Widely hailed as having one of the world’s most welcoming refugee policies, Uganda is nevertheless buckling to provide for an influx of South Sudanese refugees.
The secretary-general of the Norwegian Refugee Council, an independent charity that provides aid to migrants and asylum-seekers, recently drew attention to this.
“The reality is that more refugees sought safety in Uganda per day at the end of 2016 than many wealthy European countries received the entire year,” Jan Egeland was quoted as saying in an article on the organisation’s website.
Only South Sudanese refugees in Uganda counted
The UN classifies a refugee as someone “unable or unwilling to return to their country of origin owing to a well-founded fear of being persecuted”. This would be for reasons such as race, religion, nationality or political opinion.
Skarstein told Africa Check that in making the claim, the council used the number of people listed as refugees by the UNHCR, the UN arm responsible for registering and helping refugees.
Further, the council only considered refugees from South Sudan hosted in Uganda because those were the figures available to them, Skarstein said.
“The other figures were less up to date or not for the same period. However, adding other refugees in Uganda would of course only strengthen the argument,” Skarstein added.
Between 30 August and 5 December 2016 the average number of South Sudanese refugees registered in Uganda “was well above 3,000 a day”, Skarstein said.
This figure was then compared to that of refugees received in various European countries throughout 2016, specifically “Norway, Iceland and Ireland”.
What led to the refugee crisis?
Conflict in South Sudan erupted in December 2013, causing thousands of people to flee their country.

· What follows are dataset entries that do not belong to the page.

(* Fix integers $n\ge 1$, $p\ge 3$ and a node $i\in\{1,\dots,p\}$. Let $\mathbf X_{-i}\in\mathbb R^{n\times(p-1)}$ be a random design matrix and $\mathbf X_i\in\mathbb R^n$ a response satisfying the nodewise Gaussian regression model \[ \mathbf X_i=\mathbf X_{-i}\beta_i^\star+\varepsilon_i,\qquad \varepsilon_i\sim\mathcal N(0,\sigma_i^2 I_n), \] with $\varepsilon_i$ independent of $\mathbf X_{-i}$, where $\beta_i^\star\in\mathbb R^{p-1}$ (coordinates indexed by $j\neq i$) is the true coefficient vector, and $K_{ii}>0$ is a known fixed constant with $\sigma_i^2=1/K_{ii}$. Let $\xi_0>0$ and $\sigma_1>0$ be hyperparameters, and let $(p_{ij})_{j\neq i}\subset[0,1]$ be deterministic weights (treated as fixed). Define the nodewise adaptive elastic-net estimator \[ \widehat\beta_i\in\arg\min_{\beta\in\mathbb R^{p-1}}\Big\{\frac{1}{2\sigma_i^2}\|\mathbf X_i-\mathbf X_{-i}\beta\|_2^2+\sum_{j\neq i}P_{1,ij}|\beta_{j}|+\sum_{j\neq i}P_{2,ij}\beta_{j}^2\Big\}, \] with $P_{1,ij}=\xi_0(1-p_{ij})|K_{ii}|$ and $P_{2,ij}=\frac{1}{2\sigma_1^2}p_{ij}K_{ii}^2$. Let $S_i=\{j\neq i:\beta^\star_{ij}\neq 0\}$, $s_i=|S_i|$, $\overline p_i=\max_{j\in S_i^c}p_{ij}$, $\underline p_i=\min_{j\in S_i}p_{ij}$. Assume: (A1) (Sub-Gaussian design) The rows of $\mathbf X_{-i}$ are independent copies of a centered random vector in $\mathbb R^{p-1}$ with covariance matrix $\Sigma_{-i,-i}$; there is a constant $\sigma_X>0$, uniform in $n,p$, such that for every unit vector $v\in\mathbb R^{p-1}$ and every $t\in\mathbb R$, $\mathbb E[\exp(t\langle \mathbf X^{(1)}_{-i},v\rangle)]\le\exp(t^2\sigma_X^2/2)$, where $\mathbf X^{(1)}_{-i}$ is a generic row; and $0<\underline\kappa\le\lambda_{\min}(\Sigma_{-i,-i})\le\lambda_{\max}(\Sigma_{-i,-i})\le\overline\kappa<\infty$. (A2) (Sparsity and bounded signal) $\beta_i^\star$ is sparse with support $S_i$ and $\max_{j\in S_i}|\beta^\star_{ij}|\le B$ for a constant $B>0$ uniform in $n,p$. (A3) (Separation of weights) $\overline p_i<1/2$. (A4) (Compatibility) With $L_i=\frac{5-2\underline p_i}{1-2\overline p_i}$, there is a constant $\phi_i>0$, uniform in $n,p$, such that for every $\delta\in\mathbb R^{p-1}$ with $\|\delta_{S_i^c}\|_1\le L_i\|\delta_{S_i}\|_1$, \[ \|\mathbf X_{-i}\delta\|_2^2\ge\frac{n\phi_i^2}{s_i}\|\delta_{S_i}\|_1^2. \] Then there exist constants $C>0$ (sufficiently large) and $c>0$ such that, provided \[ \xi_0\ge C\sqrt{n\log p}\quad\text{and}\quad \xi_0\ge\frac{BK_{ii}}{\sigma_1^2}, \] with probability at least $1-2p^{-c}$ (conditionally on the fixed weights $(p_{ij})$), \[ \|\widehat\beta_i-\beta_i^\star\|_1\le C_i\,\frac{s_i\,\xi_0}{n}, \] where $C_i>0$ depends only on $\phi_i$, $\underline p_i$ and $\overline p_i$.
   Context: This arises in a Gaussian graphical model: $X\sim\mathcal N(0,\Sigma)$ in $\mathbb R^p$ with precision matrix $K=\Sigma^{-1}$, $n$ i.i.d. observations forming $\mathbf X\in\mathbb R^{n\times p}$; $\mathbf X_i$ denotes the $i$th column and $\mathbf X_{-i}$ the matrix with that column removed. The regression coefficients are $\beta_i^\star=-K_{-i,i}/K_{ii}$ and $\sigma_i^2=1/K_{ii}$. The weights $p_{ij}$ are (variational) posterior edge-inclusion probabilities, fixed from a preceding step and treated as deterministic. $\delta_S$ denotes the restriction of a vector $\delta$ to coordinates in $S$, and $S^c$ the complement of $S$ within $\{j: j\neq i\}$. $\xi_0$ is the rate of a Laplace spike and $\sigma_1^2$ the variance of a Gaussian slab in a spike-and-slab prior. *)

theory Defs
  imports "HOL-Probability.Probability"
begin

text \<open>Coordinates of vectors in R^(p-1) are indexed by J = {0..<p} - {i} (0-based nodes);
  vectors are functions nat => real and only their values on J matter.
  The data matrix is Xm :: nat => nat => real, entry (row r, column j).\<close>

definition other_idx :: "nat \<Rightarrow> nat \<Rightarrow> nat set" where
  "other_idx p i = {..<p} - {i}"

definition is_eigenvalue_on :: "nat set \<Rightarrow> (nat \<Rightarrow> nat \<Rightarrow> real) \<Rightarrow> real \<Rightarrow> bool" where
  "is_eigenvalue_on J A lam \<longleftrightarrow>
     (\<exists>v. (\<exists>j\<in>J. v j \<noteq> 0) \<and> (\<forall>j\<in>J. (\<Sum>k\<in>J. A j k * v k) = lam * v j))"

definition enet_obj ::
  "nat \<Rightarrow> nat \<Rightarrow> nat \<Rightarrow> real \<Rightarrow> real \<Rightarrow> real \<Rightarrow> (nat \<Rightarrow> real) \<Rightarrow> (nat \<Rightarrow> nat \<Rightarrow> real) \<Rightarrow> (nat \<Rightarrow> real) \<Rightarrow> real"
  where
  "enet_obj n p i Kii xi0 sigma1 pw Xm \<beta> =
     1 / (2 * (1 / Kii)) * (\<Sum>r<n. (Xm r i - (\<Sum>j\<in>other_idx p i. Xm r j * \<beta> j))\<^sup>2)
     + (\<Sum>j\<in>other_idx p i. xi0 * (1 - pw j) * \<bar>Kii\<bar> * \<bar>\<beta> j\<bar>)
     + (\<Sum>j\<in>other_idx p i. (1 / (2 * sigma1\<^sup>2)) * pw j * Kii\<^sup>2 * (\<beta> j)\<^sup>2)"

definition is_enet_estimator ::
  "nat \<Rightarrow> nat \<Rightarrow> nat \<Rightarrow> real \<Rightarrow> real \<Rightarrow> real \<Rightarrow> (nat \<Rightarrow> real) \<Rightarrow> (nat \<Rightarrow> nat \<Rightarrow> real) \<Rightarrow> (nat \<Rightarrow> real) \<Rightarrow> bool"
  where
  "is_enet_estimator n p i Kii xi0 sigma1 pw Xm \<beta> \<longleftrightarrow>
     (\<forall>\<beta>'. enet_obj n p i Kii xi0 sigma1 pw Xm \<beta> \<le> enet_obj n p i Kii xi0 sigma1 pw Xm \<beta>')"

definition supp_set :: "nat \<Rightarrow> nat \<Rightarrow> (nat \<Rightarrow> real) \<Rightarrow> nat set" where
  "supp_set p i \<beta> = {j \<in> other_idx p i. \<beta> j \<noteq> 0}"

Petra Nahmias is a senior statistician at the UNHCR. She drew Africa Check’s attention to the sharp increase in displaced persons from South Sudan in 2016 following renewed hostilities mid-year.
The data shows that 602,212 people from South Sudan were either registered or awaiting listing as a refugee in Uganda as at 5 December 2016. More than half of them (309,896) arrived or applied after 30 August.

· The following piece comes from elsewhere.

(* Let $G$ be a search game (as defined in the context) whose payoffs are ordinally consistent and solitary-search dominant, in which social value outweighs cost, and which admits a redundancy-free pure strategy profile. Then $G$ admits a pure Nash equilibrium $s$ that is cost-inclusive socially optimal, i.e., $U_{CI}(s)=\max_{s'\in S}U_{CI}(s')$.
   Context: A search game $G=(N,\Omega,\Pi,\mu,K,c,v)$ consists of: a finite set of players $N=\{1,\ldots,n\}$; a finite set $\Omega$ of locations; for each player $i$ a partition $\Pi_i$ of $\Omega$, with $\pi_i(\omega)$ the cell containing $\omega$; a common prior $\mu\in\Delta(\Omega)$ with $\mu(\pi_i)>0$ for every cell of every player, and $\mu(\omega|\pi_i)=\mu(\omega)/\mu(\pi_i)$ for $\omega\in\pi_i$; capacities $K_i\in\mathbb{N}$; costs $c_i:\{0,\ldots,K_i\}\to\mathbb{R}_{\ge0}$ with $c_i(0)=0$ and nondecreasing increments $c_i(k+1)-c_i(k)\ge c_i(k)-c_i(k-1)$; rewards $v_i^m(\omega)\ge0$ with $v_i^{m+1}(\omega)\le v_i^m(\omega)$; social values $v_{\mathfrak{s}}(\omega)\ge0$. A pure strategy $s_i$ assigns to each cell $\pi_i$ a subset $s_i(\pi_i)\subseteq\pi_i$ of size at most $K_i$; $S$ is the set of pure profiles. With $m_s(\omega)=\sum_{i}\mathbf{1}_{\omega\in s_i(\pi_i(\omega))}$, player $i$'s payoff is $u_i(s)=\sum_{\omega}\mu(\omega)\big[\mathbf{1}_{\omega\in s_i(\pi_i(\omega))}v_i^{m_s(\omega)}(\omega)-c_i(|s_i(\pi_i(\omega))|)\big]$; a pure Nash equilibrium is a pure profile from which no player gains by a unilateral deviation to another pure strategy. The cost-inclusive social payoff is $U_{CI}(s)=\sum_{\omega}\mu(\omega)\big[v_{\mathfrak{s}}(\omega)\mathbf{1}_{m_s(\omega)\ge1}-\sum_{i\in N}c_i(|s_i(\pi_i(\omega))|)\big]$. Payoffs are ordinally consistent if for every player $i$, cell $\pi_i$ and $\omega,\omega'\in\pi_i$: $\mu(\omega)v_i^1(\omega)<\mu(\omega')v_i^1(\omega')$ implies $\mu(\omega)v_{\mathfrak{s}}(\omega)\le\mu(\omega')v_{\mathfrak{s}}(\omega')$. Payoffs are solitary-search dominant if for every player $i$, cell $\pi_i$ and $\omega,\omega'\in\pi_i$: $\mu(\omega|\pi_i)v_i^1(\omega)\ge\mu(\omega'|\pi_i)v_i^2(\omega')$ and $\mu(\omega|\pi_i)v_i^1(\omega)\ge c_i(K_i)-c_i(K_i-1)$. Social value outweighs cost if $\mu(\omega)v_{\mathfrak{s}}(\omega)\ge\mu(\pi_i)\big(c_i(K_i)-c_i(K_i-1)\big)$ for every location $\omega$, player $i$ and cell $\pi_i\in\Pi_i$. A pure profile $s$ is redundancy-free if $|s_i(\pi_i)|=K_i$ for every cell $\pi_i$ of every player $i$, and $m_s(\omega)\le1$ for every $\omega\in\Omega$. *)

theory Defs
  imports Complex_Main "HOL-Library.Disjoint_Sets"
begin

This would mean that in those 98 days, an average of 3,162 South Sudanese daily sought safety in Uganda, close to Skarstein’s ballpark figure of “well above 3,000”. (Note: UNHCR data doesn’t separate the figures into registered and awaiting registration. Only a total figure is provided. Data for refugees from other countries are not yet available.)

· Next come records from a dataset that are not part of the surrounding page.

lemma graded_triangular_basis_matrix:
  assumes b: "graded_triangular deg N b"
  shows "upper_triangular N (basis_matrix N b)" "degree_preserving N deg (basis_matrix N b)"
    and "j \<in> {1..N} \<Longrightarrow> basis_matrix N b j j \<noteq> 0"
proof -
  have nz: "i \<le> j \<and> deg i = deg j" if "basis_matrix N b i j \<noteq> 0" for i j
  proof -
    have "j \<in> {1..N}" "b j i \<noteq> 0" using that by (simp_all add: basis_matrix_def split: if_splits)
    then show ?thesis using graded_triangularD(2,3)[OF b, of j i] by auto
  qed
  show "upper_triangular N (basis_matrix N b)" unfolding upper_triangular_def using nz by blast
  show "degree_preserving N deg (basis_matrix N b)" unfolding degree_preserving_def using nz by blast
  show "j \<in> {1..N} \<Longrightarrow> basis_matrix N b j j \<noteq> 0"
    using graded_triangularD(1)[OF b] by (simp add: basis_matrix_def)
qed

lemma bdry_column: "i \<in> {1..N} \<Longrightarrow> bdry Y {1..N} (column N X j) i = matmul N Y X i j"
  by (simp add: bdry_def matmul_def column_def)

lemma graded_triangular_columns:
  assumes "upper_triangular N X" "degree_preserving N deg X" "k \<le> N" "\<And>j. j \<in> {1..k} \<Longrightarrow> X j j \<noteq> 0"
  shows "graded_triangular deg k (column N X)"
  using assms upper_triangularD[OF assms(1)] degree_preservingD[OF assms(2)]
  by (fastforce simp: graded_triangular_def chains_deg_def column_def)

lemma column_right_inverse_sum:
  assumes "right_inverse N X Y" "j \<in> {1..N}"
  shows "(\<Sum>i\<in>{1..N}. Y i j * column N X i n) = unit_chain j n"
proof (cases "n \<in> {1..N}")
  case True
  then have "(\<Sum>i\<in>{1..N}. Y i j * column N X i n) = matmul N X Y n j"
    by (simp add: matmul_def column_def mult.commute)
  with assms True show ?thesis by (simp add: right_inverse_def unit_chain_def)
next
  case False
  with assms(2) show ?thesis by (auto simp: column_def unit_chain_def)
qed

text \<open>Independence of the columns of \<open>X\<close> makes a right inverse a left inverse.\<close>
lemma graded_triangular_columns_left_inverse:
  assumes b: "graded_triangular deg N (column N X)" and XY: "right_inverse N X Y"
  shows "right_inverse N Y X"
  unfolding right_inverse_def
proof (intro ballI)
  fix i k assume i: "i \<in> {1..N}" and k: "k \<in> {1..N}"
  let ?b = "column N X"
  have "(\<Sum>i\<in>{1..N}. matmul N Y X i k * ?b i n) = ?b k n" for n
  proof -
    have "(\<Sum>i\<in>{1..N}. matmul N Y X i k * ?b i n) = (\<Sum>i\<in>{1..N}. \<Sum>j\<in>{1..N}. Y i j * X j k * ?b i n)"
      by (simp add: matmul_def sum_distrib_right)
    also have "\<dots> = (\<Sum>j\<in>{1..N}. \<Sum>i\<in>{1..N}. Y i j * X j k * ?b i n)"
      by (rule sum.swap)
    also have "\<dots> = (\<Sum>j\<in>{1..N}. X j k * (\<Sum>i\<in>{1..N}. Y i j * ?b i n))"
      by (simp add: sum_distrib_left algebra_simps)
    also have "\<dots> = (\<Sum>j\<in>{1..N}. X j k * unit_chain j n)"
      by (rule sum.cong[OF refl]) (subst column_right_inverse_sum[OF XY], simp_all)
    also have "\<dots> = ?b k n"
      by (simp add: unit_chain_def column_def sum_mult_delta(2))
    finally show ?thesis .
  qed
  then have "(\<lambda>n. \<Sum>i\<in>{1..N}. (matmul N Y X i k - (if i = k then 1 else 0)) * ?b i n) = 0"
    using k by (simp add: fun_eq_iff algebra_simps sum_subtractf sum_mult_delta(1))
  then have "matmul N Y X i k - (if i = k then 1 else 0) = 0"
    by (rule graded_triangular_independent[OF b _ i])
  then show "matmul N Y X i k = (if i = k then 1 else 0)" by simp
qed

But how does this compare with the number of refugees hosted in Europe in 2016?
Distribution of refugees across Europe ‘very uneven’
Countries like Germany and Italy received high volumes of asylum applications throughout 2016, compared to others such Denmark, Poland and Estonia.
To get refugee figures for Europe, Nahmias directed Africa Check to the European Union’s statistical office, Eurostat. That is because in Europe, “refugees are usually registered by governments and not by UNHCR”, she said.
Eurostat collects information from 32 European states on several issues, including migration. (Note: Eurostat provides figures on asylum applications. These include both migrants accepted as refugees as well as those whose applications might have been rejected.)
Its data shows that at least 6 countries – Luxembourg, Croatia, Slovenia, Latvia, Estonia and Slovakia – received fewer than 3,162 applications in total in 2016.
Twelve Eurostat members are yet to report full-year figures, of which 3 countries already had far more than 3,162 applications at last report: France (75,945), Greece (44,390) and Austria (39,495). The other nine had registered fewer than 3,162 refugees.
Looking at the countries that the Norwegian Refugee Council specifically considered, Norway received 3,485 asylum applications in 2016, while Ireland’s count was 1,990 between January and November 2016. Iceland registered 1,000 people over the same period.
Brosig told Africa Check that a number of factors, such as location, need to be considered when analysing migration. Countries that neighbour conflict areas – such as Uganda – could expect a higher influx of refugees compared to those further out.
“Getting to Iceland is a major undertaking. I’d assume refugees would need to pay large sums for such a trip,” Borsig said.
He added that most refugees affected by war “remain close to their home assuming they want to return once the war is over, stay in contact with relatives or simply don’t have the means to move on”.
Conclusion: Number of European countries had fewer annual asylum applications in 2016 than those lodged in Uganda daily
UN data showed that, on average, 3,162 South Sudan refugees were listed or awaiting registration in Uganda per day between 30 August and 5 December 2016. Refugee figures for other nationalities, such as those fleeing Burundi and the DRC, are not yet available. This will of course push up Uganda’s average daily intake.
Of the European countries for which full-year data for 2016 is available, six had registered fewer than 3,162 refugees. At last count, 9 of the countries for which full-year figures are not yet available had fewer than 3,162 asylum applications in 2016.
Unless all of these countries had experienced a big spike in end of year applications, the claim is correct that more refugees sought safety in Uganda per day at the end of 2016 than many wealthy European countries received that entire year.